lemma pdx_partials_chain_rule:
  assumes F: "partials_chain_rule J F" and Z: "\<And>j. j \<in> J \<Longrightarrow> Z j differentiable (at x)"
  shows "pdx \<alpha> (\<lambda>y. F (zval Z y)) x = (\<Sum>j\<in>J. dz F (zval Z x) j * dval Z x \<alpha> j)"
proof -
  have "((\<lambda>y. F (zval Z y)) has_derivative
      (\<lambda>h. \<Sum>j\<in>J. dz F (zval Z x) j * frechet_derivative (Z j) (at x) h)) (at x)"
    using Z by (intro partials_chain_rule_has_derivative[OF F])
      (simp add: frechet_derivative_works[symmetric])
  then show ?thesis
    using Z by (simp add: pdx_has_derivative pdx_frechet_derivative dval_def)
qed

lemma dz_eq_derivative:
  "((\<lambda>t. F (z(i := t))) has_real_derivative D) (at (z i)) \<Longrightarrow> dz F z i = D"
  unfolding dz_def by (rule DERIV_imp_deriv)

lemma partials_chain_rule_const: "partials_chain_rule J (\<lambda>z. c)"
  unfolding partials_chain_rule_def dz_def by auto

lemma partials_chain_rule_coordinate:
  assumes "finite J" "k \<in> J"
  shows "partials_chain_rule J (\<lambda>z. z k)"
proof -
  have dz_coord: "dz (\<lambda>z. z k) z i = (if i = k then 1 else 0)" for z i
    unfolding dz_def by (cases "i = k") auto
  have "(\<lambda>h. \<Sum>j\<in>J. dz (\<lambda>z. z k) w j * Z' j h) = Z' k" for w and Z' :: "nat \<Rightarrow> real^4 \<Rightarrow> real"
    unfolding dz_coord using assms by (simp add: fun_eq_iff if_distrib[of "\<lambda>a. a * _"] cong: if_cong)
  then show ?thesis
    unfolding partials_chain_rule_def using assms
    by (auto simp: zval_def dz_coord)
qed

lemma partials_chain_rule_if:
  "(c \<Longrightarrow> partials_chain_rule J f) \<Longrightarrow> (\<not> c \<Longrightarrow> partials_chain_rule J g) \<Longrightarrow>
    partials_chain_rule J (\<lambda>z. if c then f z else g z)"
  by (cases c) auto

lemma partials_chain_rule_add:
  assumes f: "partials_chain_rule J f" and g: "partials_chain_rule J g"
  shows "partials_chain_rule J (\<lambda>z. f z + g z)"
proof -
  have D: "((\<lambda>t. f (z(i := t)) + g (z(i := t))) has_real_derivative dz f z i + dz g z i) (at (z i))"
    for z i
    using f g by (intro DERIV_add partials_chain_rule_has_real_derivative)
  have chain: "((\<lambda>y. f (zval Z y) + g (zval Z y)) has_derivative
      (\<lambda>h. \<Sum>j\<in>J. (dz f (zval Z x) j + dz g (zval Z x) j) * Z' j h)) (at x)"
    if "\<forall>j\<in>J. (Z j has_derivative Z' j) (at x)" for Z :: "nat \<Rightarrow> real^4 \<Rightarrow> real" and Z' x
    using has_derivative_add[OF partials_chain_rule_has_derivative[OF f]
        partials_chain_rule_has_derivative[OF g]] that
    by (simp add: sum.distrib distrib_right)
  have "dz (\<lambda>z. f z + g z) z i = dz f z i + dz g z i" for z i
    using D by (rule dz_eq_derivative)
  then show ?thesis
    unfolding partials_chain_rule_def using D chain by simp
qed

lemma partials_chain_rule_mult:
  assumes f: "partials_chain_rule J f" and g: "partials_chain_rule J g"
  shows "partials_chain_rule J (\<lambda>z. f z * g z)"
proof -
  have D: "((\<lambda>t. f (z(i := t)) * g (z(i := t))) has_real_derivative
      f z * dz g z i + dz f z i * g z) (at (z i))" for z i
    using DERIV_mult'[OF partials_chain_rule_has_real_derivative[OF f, where z=z and i=i]
        partials_chain_rule_has_real_derivative[OF g, where z=z and i=i]]
    by (simp add: algebra_simps)
  have chain: "((\<lambda>y. f (zval Z y) * g (zval Z y)) has_derivative
      (\<lambda>h. \<Sum>j\<in>J. (f (zval Z x) * dz g (zval Z x) j + dz f (zval Z x) j * g (zval Z x)) * Z' j h)) (at x)"
    if "\<forall>j\<in>J. (Z j has_derivative Z' j) (at x)" for Z :: "nat \<Rightarrow> real^4 \<Rightarrow> real" and Z' x
  proof -
    have "((\<lambda>y. f (zval Z y) * g (zval Z y)) has_derivative (\<lambda>h.
        f (zval Z x) * (\<Sum>j\<in>J. dz g (zval Z x) j * Z' j h) +
        (\<Sum>j\<in>J. dz f (zval Z x) j * Z' j h) * g (zval Z x))) (at x)"
      using that by (intro has_derivative_mult partials_chain_rule_has_derivative[OF f]
          partials_chain_rule_has_derivative[OF g]) auto
    then show ?thesis
      by (simp add: sum.distrib sum_distrib_left sum_distrib_right algebra_simps)
  qed
  have "dz (\<lambda>z. f z * g z) z i = f z * dz g z i + dz f z i * g z" for z i
    using D by (rule dz_eq_derivative)
  then show ?thesis
    unfolding partials_chain_rule_def using D chain by simp
qed

lemma partials_chain_rule_diff:
  assumes "partials_chain_rule J f" "partials_chain_rule J g"
  shows "partials_chain_rule J (\<lambda>z. f z - g z)"
proof -
  have "partials_chain_rule J (\<lambda>z. f z + (- 1) * g z)"
    using assms by (intro partials_chain_rule_add partials_chain_rule_mult partials_chain_rule_const)
  then show ?thesis
    by simp
qed

lemma partials_chain_rule_sum:
  "finite A \<Longrightarrow> (\<And>s. s \<in> A \<Longrightarrow> partials_chain_rule J (f s)) \<Longrightarrow>
    partials_chain_rule J (\<lambda>z. \<Sum>s\<in>A. f s z)"
proof (induction A rule: finite_induct)
  case empty
  then show ?case by (simp add: partials_chain_rule_const)
next
  case (insert a A)
  then have "partials_chain_rule J (\<lambda>z. f a z + (\<Sum>s\<in>A. f s z))"
    by (intro partials_chain_rule_add) auto
  then show ?case
    using insert by simp
qed

lemma partials_chain_rule_Lc: "partials_chain_rule {1..15} (Lc \<alpha> j)"
  unfolding Lc_def[abs_def]
  by (intro partials_chain_rule_if partials_chain_rule_diff partials_chain_rule_add
      partials_chain_rule_mult partials_chain_rule_sum partials_chain_rule_coordinate
      partials_chain_rule_const; auto)

lemma pull_Theta_eq_Lagr: "pull_Theta \<epsilon> \<mu>\<^sub>0 z p = Lagr \<epsilon> \<mu>\<^sub>0 z p"
proof -
  have "{0..3::nat} = {0,1,2,3}" by auto
  then show ?thesis
    unfolding pull_Theta_def Lagr_def wedge13_def dxt_def pull_omega_def by simp
qed

lemma Lagr_eq_Lexpl:
  assumes "\<And>j. j \<in> {1..15} \<Longrightarrow> Z j differentiable (at x)"
  shows "Lagr \<epsilon> \<mu>\<^sub>0 (zval Z x) (dval Z x) = Lexpl \<epsilon> \<mu>\<^sub>0 Z x"
proof -
  have "{0..3::nat} = {0,1,2,3}" "{1..3::nat} = {1,2,3}" by auto
  moreover have "{1..15::nat} = {1,2,3,4,5,6,7,8,9,10,11,12,13,14,15}"
    by (simp add: atLeastAtMostSuc_conv numeral_eq_Suc insert_commute)
  moreover have "Z j differentiable (at x)" if "j \<in> {1,2,3,4,7,8,9,Suc 0}" for j
    using assms that by auto
  ultimately show ?thesis
    unfolding Lagr_def Lexpl_def Let_def curlF_def crossF_def cross3_def zval_def dval_def
      Ham_def Lc_def
    by (simp add: pdx_mult pdx_diff) (simp add: algebra_simps)
qed

lemma Ham_partial_differentiable:
  assumes \<epsilon>: "\<And>q. \<epsilon> differentiable (at q)"
  shows "(\<lambda>t. Ham \<epsilon> \<mu>\<^sub>0 (z(i := t))) differentiable (at s)"
proof -
  have coord: "(\<lambda>t. (z(i := t)) k) differentiable (at s)"
    and coord': "(\<lambda>t. if k = i then t else z k) differentiable (at s)" for k
    by (cases "k = i"; simp)+
  have "(\<lambda>t. ((z(i := t)) 4, (z(i := t)) 5)) differentiable (at s)"
    by (intro differentiable_Pair coord)
  then have "(\<lambda>t. \<epsilon> ((z(i := t)) 4, (z(i := t)) 5)) differentiable (at s)"
    using differentiable_chain_at[OF _ \<epsilon>] by (simp add: comp_def)
  then show ?thesis
    unfolding Ham_def divide_inverse power2_eq_square
    by (intro differentiable_minus differentiable_diff differentiable_mult differentiable_sum
        coord differentiable_const) (auto intro!: differentiable_mult coord')
qed

lemma dzL_Lagr:
  assumes "\<And>q. \<epsilon> differentiable (at q)"
  shows "dzL (Lagr \<epsilon> \<mu>\<^sub>0) z p i =
    (\<Sum>\<alpha>\<in>{0..3}. \<Sum>j\<in>{1..15}. dz (Lc \<alpha> j) z i * p \<alpha> j) - dz (Ham \<epsilon> \<mu>\<^sub>0) z i"
proof -
  have "((\<lambda>t. Ham \<epsilon> \<mu>\<^sub>0 (z(i := t))) has_real_derivative dz (Ham \<epsilon> \<mu>\<^sub>0) z i) (at (z i))"
    unfolding dz_def using Ham_partial_differentiable[OF assms] DERIV_deriv_iff_real_differentiable
    by blast
  then have "((\<lambda>t. Lagr \<epsilon> \<mu>\<^sub>0 (z(i := t)) p) has_real_derivative
      (\<Sum>\<alpha>\<in>{0..3}. \<Sum>j\<in>{1..15}. dz (Lc \<alpha> j) z i * p \<alpha> j) - dz (Ham \<epsilon> \<mu>\<^sub>0) z i) (at (z i))"
    unfolding Lagr_def
    by (intro DERIV_diff DERIV_sum DERIV_cmult_right
        partials_chain_rule_has_real_derivative[OF partials_chain_rule_Lc])
  then show ?thesis
    unfolding dzL_def by (rule DERIV_imp_deriv)
qed

lemma dpL_Lagr:
  assumes "\<alpha> \<in> {0..3}" "i \<in> {1..15}"
  shows "dpL (Lagr \<epsilon> \<mu>\<^sub>0) z p \<alpha> i = Lc \<alpha> i z"
proof -
  have term_deriv: "((\<lambda>t. Lc \<beta> j z * (p(\<alpha> := (p \<alpha>)(i := t))) \<beta> j) has_real_derivative
      (if \<beta> = \<alpha> \<and> j = i then Lc \<beta> j z else 0)) (at (p \<alpha> i))" for \<beta> j
  proof (cases "\<beta> = \<alpha> \<and> j = i")
    case False
    then have const: "(\<lambda>t. Lc \<beta> j z * (p(\<alpha> := (p \<alpha>)(i := t))) \<beta> j) = (\<lambda>t. Lc \<beta> j z * p \<beta> j)"
      by (auto simp: fun_eq_iff)
    show ?thesis
      unfolding const if_not_P[OF False] by (rule DERIV_const)
  qed (auto intro!: derivative_eq_intros)
  have "((\<lambda>t. Lagr \<epsilon> \<mu>\<^sub>0 z (p(\<alpha> := (p \<alpha>)(i := t)))) has_real_derivative
      (\<Sum>\<beta>\<in>{0..3}. \<Sum>j\<in>{1..15}. if \<beta> = \<alpha> \<and> j = i then Lc \<beta> j z else 0) - 0) (at (p \<alpha> i))"
    unfolding Lagr_def by (intro DERIV_diff DERIV_sum term_deriv DERIV_const)
  moreover have "(\<Sum>\<beta>\<in>{0..3}. \<Sum>j\<in>{1..15}. if \<beta> = \<alpha> \<and> j = i then Lc \<beta> j z else 0) = Lc \<alpha> i z"
  proof -
    have "(\<Sum>j\<in>{1..15}. if \<beta> = \<alpha> \<and> j = i then Lc \<beta> j z else 0) =
        (if \<beta> = \<alpha> then Lc \<beta> i z else 0)" for \<beta>
      using assms(2) by (cases "\<beta> = \<alpha>") simp_all
    then show ?thesis
      using assms(1) by simp
  qed
  ultimately show ?thesis
    unfolding dpL_def using DERIV_imp_deriv by fastforce
qed

lemma EL_eq_Kmat:
  assumes "\<And>q. \<epsilon> differentiable (at q)"
    and Z: "\<And>j x. j \<in> {1..15} \<Longrightarrow> Z j differentiable (at x)"
    and i: "i \<in> {1..15}"
  shows "EL \<epsilon> \<mu>\<^sub>0 Z i x =
    (\<Sum>\<alpha>\<in>{0..3}. \<Sum>j\<in>{1..15}. Kmat \<alpha> i j (zval Z x) * dval Z x \<alpha> j) - dz (Ham \<epsilon> \<mu>\<^sub>0) (zval Z x) i"
proof -
  have "pdx \<alpha> (\<lambda>y. dpL (Lagr \<epsilon> \<mu>\<^sub>0) (zval Z y) (dval Z y) \<alpha> i) x =
      (\<Sum>j\<in>{1..15}. dz (Lc \<alpha> i) (zval Z x) j * dval Z x \<alpha> j)" if "\<alpha> \<in> {0..3}" for \<alpha>
    using dpL_Lagr[OF that i] pdx_partials_chain_rule[OF partials_chain_rule_Lc Z] by simp
  then have "EL \<epsilon> \<mu>\<^sub>0 Z i x =
      (\<Sum>\<alpha>\<in>{0..3}. \<Sum>j\<in>{1..15}. dz (Lc \<alpha> j) (zval Z x) i * dval Z x \<alpha> j)
      - dz (Ham \<epsilon> \<mu>\<^sub>0) (zval Z x) i
      - (\<Sum>\<alpha>\<in>{0..3}. \<Sum>j\<in>{1..15}. dz (Lc \<alpha> i) (zval Z x) j * dval Z x \<alpha> j)"
    unfolding EL_def dzL_Lagr[OF assms(1)] by simp
  then show ?thesis
    by (simp add: Kmat_def left_diff_distrib sum_subtractf)
qed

--------

*Exercise directions*. Select every line in the material above where the string "assms" occurs, and copy it.

*Exercise response*.
    unfolding dz_coord using assms by (simp add: fun_eq_iff if_distrib[of "\<lambda>a. a * _"] cong: if_cong)
    unfolding partials_chain_rule_def using assms
    using assms by (intro partials_chain_rule_add partials_chain_rule_mult partials_chain_rule_const)
    using assms that by auto
    unfolding dz_def using Ham_partial_differentiable[OF assms] DERIV_deriv_iff_real_differentiable
      using assms(2) by (cases "\<beta> = \<alpha>") simp_all
      using assms(1) by simp
    unfolding EL_def dzL_Lagr[OF assms(1)] by simp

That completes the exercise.